Across 64 replications, the Check treatment yielded 234 bu/ac on average and Pivot Bio yielded 235 bu/ac on average, with no statistical difference at a 90% confidence level. When looking across the 64 replications, Pivot Bio had a 5 bu/ac or greater yield increase 27% of the time, a 5 bu/ac yield reduction 17% of the time, and yield difference within +/- 5 bu/ac 56% of the time. When looking at many of the individual locations, the grower-chosen N rates most likely could have been reduced beyond 40 lb/ac. Future on-farm research will focus on testing Pivot Bio PROVEN®40 at a wider range of N rates across different soil textures and landscape positions. One way to test this is by creating prescriptions for N rate blocks for different areas of the field. If you’re interested in testing something like this for Pivot Bio or any other non-traditional product, please let me know.
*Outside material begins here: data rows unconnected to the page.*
(* Let $1\le d\le n$. If $x\in\mathbb{R}^n$ satisfies $e_{d-1}(x)=0$, then $$|e_d(x)|\ge \frac{\binom{n}{d}}{(2n^{d+1})^{n-d}}\,|m_d(x)|.$$
   Context: $e_k(x)=\sum_{S\subseteq[n],|S|=k}\prod_{i\in S}x_i$ is the $k$-th elementary symmetric polynomial (with $e_0=1$), and $m_d(x)=\max_{S\subseteq[n],|S|=d}\prod_{i\in S}|x_i|$ is the product of the $d$ largest entries of $x$ in absolute value. *)

theory Defs
  imports "HOL-Analysis.Analysis"
begin

text \<open>Vectors x in R^n are represented as functions x :: nat => real, using only
the coordinates x 0, ..., x (n-1) (index set {..<n}).\<close>

definition esym :: "nat \<Rightarrow> nat \<Rightarrow> (nat \<Rightarrow> real) \<Rightarrow> real" where
  "esym n k x = (\<Sum>S\<in>{S. S \<subseteq> {..<n} \<and> card S = k}. \<Prod>i\<in>S. x i)"

definition mprod :: "nat \<Rightarrow> nat \<Rightarrow> (nat \<Rightarrow> real) \<Rightarrow> real" where
  "mprod n d x = Max ((\<lambda>S. \<Prod>i\<in>S. \<bar>x i\<bar>) ` {S. S \<subseteq> {..<n} \<and> card S = d})"

end

(*
  Differentiating the real-rooted polynomial \<Prod>(t + x i) and inverting the variables both preserve
  real-rootedness and act on the normalised means e_k / (n choose k) by truncation and reversal.
  Hence any block of means with indices d - i, ..., d + i is a multiple of the complete sequence of
  means of some z of length 2 i, and e_(d-1)(x) = 0 forces e_(i-1)(z) = 0. The identity
  \<Sum>j (-1)^j e_j e_(2d-j) = (-1)^d e_d(x^2) bounds e_d(x^2) by e_d(x)^2 plus the products
  e_(d-i) e_(d+i); each of these is bounded through the 2 i variable case, which is settled first
  by induction, AM-GM handling its outermost product. Finally m_d(x)^2 \<le> e_d(x^2).
*)

theory Submission
  imports Defs "HOL-Computational_Algebra.Fundamental_Theorem_Algebra"
begin

abbreviation card_subsets :: "nat \<Rightarrow> nat \<Rightarrow> nat set set" where
  "card_subsets n k \<equiv> {S. S \<subseteq> {..<n} \<and> card S = k}"

lemma finite_card_subsets [simp]: "finite (card_subsets n k)"
  by (rule finite_subset[of _ "Pow {..<n}"]) auto

lemma card_card_subsets: "card (card_subsets n k) = n choose k"
  using n_subsets[of "{..<n}" k] by simp

lemma card_subsets_0: "card_subsets n 0 = {{}}"
  by (auto dest: finite_subset)

lemma card_subsets_self: "card_subsets n n = {{..<n}}"
  by (auto dest: card_subset_eq[rotated])

lemma card_subsets_Suc_Suc:
  "card_subsets (Suc n) (Suc k) = card_subsets n (Suc k) \<union> insert n ` card_subsets n k"
proof -
  let ?Q = "card_subsets (Suc n) (Suc k)"
  have "?Q = {S\<in>?Q. n \<notin> S} \<union> {S\<in>?Q. n \<in> S}"
    by auto
  also have "{S\<in>?Q. n \<notin> S} = card_subsets n (Suc k)"
    by (auto simp: lessThan_Suc)
  also have "{S\<in>?Q. n \<in> S} = insert n ` card_subsets n k"
  proof (intro equalityI subsetI)
    fix S assume S: "S \<in> {S\<in>?Q. n \<in> S}"
    then have "finite S"
      by (blast intro: finite_subset[of S "{..<Suc n}"])
    with S have "S - {n} \<in> card_subsets n k"
      by (auto simp: less_Suc_eq)
    moreover have "S = insert n (S - {n})"
      using S by blast
    ultimately show "S \<in> insert n ` card_subsets n k"
      by blast
  next
    fix S assume "S \<in> insert n ` card_subsets n k"
    then obtain T where T: "T \<subseteq> {..<n}" "card T = k" "S = insert n T"
      by blast
    then have "finite T" "n \<notin> T"
      by (auto dest: finite_subset)
    with T show "S \<in> {S\<in>?Q. n \<in> S}"
      by auto
  qed
  finally show ?thesis .
qed

lemma bij_betw_compl_card_subsets:
  assumes "k \<le> n"
  shows "bij_betw (\<lambda>S. {..<n} - S) (card_subsets n k) (card_subsets n (n - k))"
proof (rule bij_betw_byWitness[where f' = "\<lambda>S. {..<n} - S"])
  have "card ({..<n} - S) = n - card S" if "S \<subseteq> {..<n}" for S
    using that by (simp add: card_Diff_subset finite_subset)
  then show "(\<lambda>S. {..<n} - S) ` card_subsets n k \<subseteq> card_subsets n (n - k)"
    and "(\<lambda>S. {..<n} - S) ` card_subsets n (n - k) \<subseteq> card_subsets n k"
    using assms by auto
qed auto
(* Let $t\in\{w,m\}$ index two types of individuals, with exogenous masses $\mu_w>0,\mu_m>0$, and let $r:=\mu_w/\mu_m$. For each type $t$, let $\Delta_t:=Y_{1t}-Y_{2t}$ (difference of random potential incomes in sectors 1 and 2) have cumulative distribution function $F_{\Delta_t}$, and let $h_t:(0,1)\to[0,\infty)$. Assume that for each $t$: $h_t$ is decreasing and continuously differentiable; $F_{\Delta_t}$ is continuously differentiable with a continuous inverse $F_{\Delta_t}^{-1}$; and $\mathbb P[\Delta_t>0]\in(0,1)$. Define the efficient compositions $r^e_t:=\mathbb P[\Delta_t>0]$, $t\in\{w,m\}$. If $r^e_w<r^e_m$, then there exists an equilibrium $(r_w^*,r_m^* )$ such that $r_w^*<r_w^e<r_m^e<r_m^*$. Moreover, there is no equilibrium $(r_w^*,r_m^* )$ such that $r_w^e<r_w^*<r_m^*<r_m^e$.
   Context: For $x,y\in(0,1)$, $z>0$, define $g_t(x,y,z):=h_t\left(\frac{1}{1+z y/x}\right)-h_t\left(\frac{1}{1+z(1-y)/(1-x)}\right)$. A composition is a pair $(r_w,r_m)\in[0,1]^2$, $r_t$ being the share of type-$t$ individuals in sector 1. An equilibrium is a composition $(r_w^*,r_m^* )$ such that: (i) if $r_w^*\in(0,1)$ then $F_{\Delta_w}^{-1}(1-r_w^* )=g_w(r_w^*,r_m^*,1/r)$, and if $r_m^*\in(0,1)$ then $F_{\Delta_m}^{-1}(1-r_m^* )=g_m(r_m^*,r_w^*,r)$; (ii) if $r_w^*=0$, there is $\bar\delta>0$ such that for all $0<\delta<\bar\delta$, $F_{\Delta_w}^{-1}(1-\delta)\le g_w(\delta,r_m^*,1/r)$; (iii) if $r_m^*=1$, there is $\bar\delta>0$ such that for all $0<\delta<\bar\delta$, $F_{\Delta_m}^{-1}(\delta)\ge g_m(1-\delta,r_w^*,r)$; (iv) symmetrically, if $r_w^*=1$, there is $\bar\delta>0$ such that for all $0<\delta<\bar\delta$, $F_{\Delta_w}^{-1}(\delta)\ge g_w(1-\delta,r_m^*,1/r)$, and if $r_m^*=0$, there is $\bar\delta>0$ such that for all $0<\delta<\bar\delta$, $F_{\Delta_m}^{-1}(1-\delta)\le g_m(\delta,r_w^*,r)$. *)

theory Defs
  imports "HOL-Probability.Probability"
begin

text \<open>Extension of h (defined on the open interval (0,1)) to the point 1 by its
  left limit; needed because g_t(x,y,z) is evaluated at y = 0 or y = 1 in the
  boundary equilibrium conditions, where one argument of h equals 1.\<close>
definition hext :: "(real \<Rightarrow> real) \<Rightarrow> real \<Rightarrow> real" where
  "hext h p = (if p < 1 then h p else Lim (at_left 1) h)"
There’s also interest from producers seeking a regenerative ag path to grow their own microbes for reducing inputs through the use of compost extracts and teas. Compost is built through different processes then microbes are extracted from the compost using water and air. The water/microbe solution is then applied to a field while the compost is added back into a pile to be reused. One compost option is via a Johnson-Su bioreactor which uses a static aerobic composting process. Another is aerobic composting via a Turned Compost process. In 2022, a Seward Co. producer chose to compare a Check treatment of 142 lb N/ac and reduce the nitrogen rates added to the biological products in his study by nearly 40 and 100 lb N/ac. His goal was to push the system to see how the biological products compared and to have low enough nitrogen rates to see what the biological products would do in releasing N. His treatments and yields were: Check (total 142 lb N/ac yielding 235 bu/ac); Johnson-Su Compost High (total 106 lb N/ac yielding 220 bu/ac); Johnson Su Compost Low (Total 48 lb N/ac yielding 167 bu/ac); Turned Compost High (Total 106 lb N/ac yielding 212 bu/ac); Turned Compost Low (Total 48 lb N/ac yielding 164 bu/ac); and Pivot Bio Proven®40 (total 106 lb N/ac yielding 195 bu/ac). The Check treatment yielded the greatest and statistically was not different than the Johnson-Su High and Turned Compost High at the 90% confidence level. The Check treatment was different from the Pivot Bio and the lower rates of the compost extracts. The Johnson-Su and Turned Compost were applied at 8 gal/ac extract in furrow at planting. This study was pivot irrigated in a silt loam soil where the previous crop was soybean. This study will continue on these same strips for three years. Please let me know if you’re interested in testing compost extracts as we seek to obtain more data around this topic.  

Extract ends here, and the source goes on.